Stored data entries
--- --- ---

lemma dim_eq_dim_add_dim:
  assumes V: "subspace V" "V \<subseteq> U" and W: "subspace W" "W \<subseteq> U"
    and U: "finite F" "U \<subseteq> span F"
    and decompose: "\<And>u. u \<in> U \<Longrightarrow> \<exists>v\<in>V. u - v \<in> W"
    and trivial_Int: "\<And>x. x \<in> V \<Longrightarrow> x \<in> W \<Longrightarrow> x = 0"
  shows "dim U = dim V + dim W"
proof -
  obtain B1 where B1: "B1 \<subseteq> V" "independent B1" "V \<subseteq> span B1" "card B1 = dim V"
    using basis_exists by blast
  obtain B2 where B2: "B2 \<subseteq> W" "independent B2" "W \<subseteq> span B2" "card B2 = dim W"
    using basis_exists by blast
  have fin: "finite B1" "finite B2"
    using independent_span_bound[OF U(1)] B1 B2 V W U by (meson order_trans)+
  have span_B1: "span B1 = V" and span_B2: "span B2 = W"
    using span_subspace B1 B2 V W by auto
  have indep: "independent (B1 \<union> B2)"
    using independent_Un[OF B1(2) B2(2) fin(2)] trivial_Int span_B1 span_B2 by blast
  have "U \<subseteq> span (B1 \<union> B2)"
  proof
    fix u assume "u \<in> U"
    then obtain v where "v \<in> V" "u - v \<in> W" using decompose by blast
    then have "v + (u - v) \<in> span (B1 \<union> B2)"
      using span_B1 span_B2 span_mono[of B1 "B1 \<union> B2"] span_mono[of B2 "B1 \<union> B2"]
      by (intro span_add) auto
    then show "u \<in> span (B1 \<union> B2)" by simp
  qed
  moreover have "B1 \<union> B2 \<subseteq> U"
    using B1(1) B2(1) V(2) W(2) by blast
  ultimately have "card (B1 \<union> B2) = dim U"
    using basis_card_eq_dim[OF _ _ indep] by blast
  moreover have "B1 \<inter> B2 = {}"
  proof -
    have "0 \<notin> B1"
      using B1(2) dependent_zero by blast
    moreover have "x = 0" if "x \<in> B1" "x \<in> B2" for x
      using that trivial_Int B1(1) B2(1) by blast
    ultimately show ?thesis by blast
  qed
  ultimately show ?thesis
    using card_Un_disjoint[OF fin] B1(4) B2(4) by simp
qed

--- --- ---

Directions for this task. Each line of the data that holds the word "obtain" should be copied.

Output for this exercise.
  obtain B1 where B1: "B1 \<subseteq> V" "independent B1" "V \<subseteq> span B1" "card B1 = dim V"
  obtain B2 where B2: "B2 \<subseteq> W" "independent B2" "W \<subseteq> span B2" "card B2 = dim W"
    then obtain v where "v \<in> V" "u - v \<in> W" using decompose by blast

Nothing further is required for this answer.